Edward Milton Chen (born January 20, 1953) is a Senior United States district judge of the United States District Court for the Northern District of California and former United States magistrate judge of the same court.

Early life and education 

Born and raised in Oakland, California, Chen earned an Artium Baccalaureus degree in 1975 from the University of California, Berkeley and a Juris Doctor from Boalt Hall School of Law in 1979.

Legal career 
After graduating law school, Chen clerked for Judge Charles Byron Renfrew of the United States District Court for the Northern District of California from June 1979 to April 1980 and Judge James R. Browning of the United States Court of Appeals for the Ninth Circuit from June 1981 to June 1982.

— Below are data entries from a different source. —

(* For $d\in\mathbb{N}$ let $\zeta_d\in\mathbb{C}$ be a primitive $d$-th root of unity. The following are equivalent: (i) for every $n\in\mathbb{N}$ the number of frieze patterns of height $n$ over $\mathbb{Z}[\zeta_d]\setminus\{0\}$ is finite; (ii) $\mathbb{Z}[\zeta_d]$ is a discrete subset of $\mathbb{C}$; (iii) the group of units of $\mathbb{Z}[\zeta_d]$ is finite; (iv) $d\in\{1,2,3,4,6\}$.
   Context: A frieze pattern of height $n$ over $S\subseteq\mathbb{C}$ is a family $(c_{i,j})_{i\in\mathbb{Z},\ i\le j\le i+n+3}$ of complex numbers such that: - $c_{i,i}=c_{i,i+n+3}=0$ and $c_{i,i+1}=c_{i,i+n+2}=1$; - $c_{i,j}\in S$ for $i+2\le j\le i+n+1$; - every adjacent $2\times2$ determinant $c_{i,j}c_{i+1,j+1}-c_{i,j+1}c_{i+1,j}$ (all entries defined) equals $1$. *)

theory Defs
  imports "HOL-Analysis.Analysis" "HOL-Computational_Algebra.Polynomial"
begin

definition primitive_root_unity :: "nat \<Rightarrow> complex \<Rightarrow> bool" where
  "primitive_root_unity d z \<longleftrightarrow> d > 0 \<and> z ^ d = 1 \<and> (\<forall>k. 0 < k \<and> k < d \<longrightarrow> z ^ k \<noteq> 1)"

definition int_adjoin :: "complex \<Rightarrow> complex set" where
  "int_adjoin z = {poly (map_poly of_int p) z | p :: int poly. True}"

definition units_in :: "complex set \<Rightarrow> complex set" where
  "units_in R = {u \<in> R. \<exists>v \<in> R. u * v = 1}"

definition frieze_dom :: "nat \<Rightarrow> int \<Rightarrow> int \<Rightarrow> bool" where
  "frieze_dom n i j \<longleftrightarrow> i \<le> j \<and> j \<le> i + int n + 3"

definition is_frieze :: "nat \<Rightarrow> complex set \<Rightarrow> (int \<Rightarrow> int \<Rightarrow> complex) \<Rightarrow> bool" where
  "is_frieze n S c \<longleftrightarrow>
     (\<forall>i. c i i = 0 \<and> c i (i + int n + 3) = 0 \<and> c i (i + 1) = 1 \<and> c i (i + int n + 2) = 1) \<and>
     (\<forall>i j. i + 2 \<le> j \<and> j \<le> i + int n + 1 \<longrightarrow> c i j \<in> S) \<and>
     (\<forall>i j. frieze_dom n i j \<and> frieze_dom n (i+1) (j+1) \<and> frieze_dom n i (j+1) \<and> frieze_dom n (i+1) j
        \<longrightarrow> c i j * c (i+1) (j+1) - c i (j+1) * c (i+1) j = 1)"
lemma round_down_dvd_add:
  fixes m x r :: nat
  assumes "m dvd x" "r < m"
  shows "(x + r) - (x + r) mod m = x"
  using assms by (elim dvdE) simp

lemma strict_mono_on_lessThan_self:
  fixes h :: "nat \<Rightarrow> nat"
  assumes "strict_mono_on {..<n} h" "h ` {..<n} \<subseteq> {..<n}" "x < n"
  shows "h x = x"
proof -
  have climb: "h y + k \<le> h (y + k)" if "y + k < n" for y k
    using that
  proof (induction k)
    case (Suc k)
    then have "h (y + k) < h (y + Suc k)" using strict_mono_onD[OF assms(1)] by simp
    with Suc show ?case by simp
  qed simp
  have "x \<le> h x" using climb[of 0 x] \<open>x < n\<close> by simp
  moreover have "h x + (n - 1 - x) \<le> h (n - 1)" using climb[of x "n - 1 - x"] \<open>x < n\<close> by simp
  moreover have "h (n - 1) < n" using assms(2) \<open>x < n\<close> by (simp add: image_subset_iff)
  ultimately show ?thesis by linarith
qed

lemma strict_mono_on_lessThan_multiples:
  fixes f :: "nat \<Rightarrow> nat"
  assumes "strict_mono_on {..<n} f" "\<And>x. x < n \<Longrightarrow> n dvd f x" "\<And>x. x < n \<Longrightarrow> f x < n * n"
    and "x < n"
  shows "f x = n * x"
proof -
  define h where "h x = f x div n" for x
  have f_h: "f x = n * h x" if "x < n" for x using assms(2)[OF that] by (simp add: h_def)
  have "strict_mono_on {..<n} h"
    using strict_mono_onD[OF assms(1)] f_h by (intro strict_mono_onI) (metis lessThan_iff mult_less_cancel1)
  moreover have "h ` {..<n} \<subseteq> {..<n}"
    using assms(3) f_h by (auto simp: image_subset_iff)
  ultimately show ?thesis using strict_mono_on_lessThan_self f_h \<open>x < n\<close> by metis
qed

lemma composite_nat_factors:
  fixes n :: nat
  assumes "2 \<le> n" "\<not> prime n"
  obtains p q where "n = p * q" "2 \<le> p" "2 \<le> q"
proof -
  obtain p where "p dvd n" "p \<noteq> 1" "p \<noteq> n" using assms by (auto simp: prime_nat_iff)
  obtain q where "n = p * q" using \<open>p dvd n\<close> by (rule dvdE)
  have "n \<noteq> 0" using assms(1) by simp
  then have "p \<noteq> 0" "q \<noteq> 0" using \<open>n = p * q\<close> by auto
  moreover have "q \<noteq> 1" using \<open>p \<noteq> n\<close> \<open>n = p * q\<close> by auto
  ultimately show thesis using \<open>n = p * q\<close> \<open>p \<noteq> 1\<close> by (intro that) auto
qed
lemma card_shift_mismatches_drop:
  "card (shift_mismatches l (drop g x)) = card {j \<in> shift_mismatches l x. g \<le> j}"
proof -
  have "{j \<in> shift_mismatches l x. g \<le> j} = (\<lambda>j. j + g) ` shift_mismatches l (drop g x)"
  proof (rule set_eqI)
    fix j
    show "j \<in> {j \<in> shift_mismatches l x. g \<le> j} \<longleftrightarrow> j \<in> (\<lambda>j. j + g) ` shift_mismatches l (drop g x)"
      by (cases "g \<le> j")
         (auto simp: shift_mismatches_def image_iff add.commute add.left_commute
               intro!: exI[of _ "j - g"])
  qed
  then show ?thesis by (simp add: card_image)
qed

lemma sum_upper_rank:
  fixes f :: "nat \<Rightarrow> 'b::comm_monoid_add" and P :: "'a::linorder set"
  assumes "finite P"
  shows "(\<Sum>g\<in>P. f (card {j \<in> P. g \<le> j})) = (\<Sum>i=1..card P. f i)"
  using assms
proof (induction "card P" arbitrary: P)
  case (Suc n)
  define m where "m = Min P"
  have m: "m \<in> P" "\<And>j. j \<in> P \<Longrightarrow> m \<le> j"
    using Suc m_def by (auto intro: Min_in)
  have upper: "{j \<in> P. g \<le> j} = {j \<in> P - {m}. g \<le> j}" if "g \<in> P - {m}" for g
    using that m by force
  have "(\<Sum>g\<in>P. f (card {j \<in> P. g \<le> j}))
      = f (card {j \<in> P. m \<le> j}) + (\<Sum>g\<in>P - {m}. f (card {j \<in> P. g \<le> j}))"
    by (rule sum.remove[OF Suc.prems m(1)])
  also have "{j \<in> P. m \<le> j} = P"
    using m by auto
  also have "(\<Sum>g\<in>P - {m}. f (card {j \<in> P. g \<le> j}))
      = (\<Sum>g\<in>P - {m}. f (card {j \<in> P - {m}. g \<le> j}))"
    by (rule sum.cong[OF refl]) (simp only: upper)
  also have "(\<Sum>g\<in>P - {m}. f (card {j \<in> P - {m}. g \<le> j})) = (\<Sum>i=1..n. f i)"
    using Suc.hyps(1)[of "P - {m}"] Suc.hyps(2) Suc.prems m(1)
    by (metis card_Diff_singleton diff_Suc_1 finite_Diff)
  finally show ?case
    using Suc.hyps(2)[symmetric] by (simp add: add.commute)
qed simp

lemma power_Suc_diff_le:
  fixes a b :: "'a::linordered_idom"
  assumes "0 \<le> b" "b \<le> a"
  shows "a ^ Suc t - b ^ Suc t \<le> of_nat (Suc t) * (a - b) * a ^ t"
proof -
  have "a ^ Suc t - b ^ Suc t = (a - b) * (\<Sum>i<Suc t. a ^ i * b ^ (t - i))"
    by (rule diff_power_eq_sum)
  also have "\<dots> \<le> (a - b) * (\<Sum>i<Suc t. a ^ t)"
  proof (intro mult_left_mono sum_mono)
    fix i assume "i \<in> {..<Suc t}"
    then have "a ^ i * b ^ (t - i) \<le> a ^ i * a ^ (t - i)"
      using assms by (intro mult_left_mono power_mono) auto
    also have "\<dots> = a ^ t" using \<open>i \<in> {..<Suc t}\<close> by (simp flip: power_add)
    finally show "a ^ i * b ^ (t - i) \<le> a ^ t" .
  qed (use assms in simp)
  also have "\<dots> = of_nat (Suc t) * (a - b) * a ^ t"
    by simp
  finally show ?thesis .
qed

From 1982 until 1985, Chen served as an associate at the San Francisco law firm of Coblentz, Cahen, McCabe & Breyer. In September 1985, Chen became a staff attorney for the American Civil Liberties Union, specializing in language discrimination cases. He held that post until April 2001, when the judges on the United States District Court for the Northern District of California named Chen to an eight-year term as a
United States magistrate judge.

Federal judicial service

United States magistrate judge service 
Chen served as a United States Magistrate Judge from 2001 until 2011.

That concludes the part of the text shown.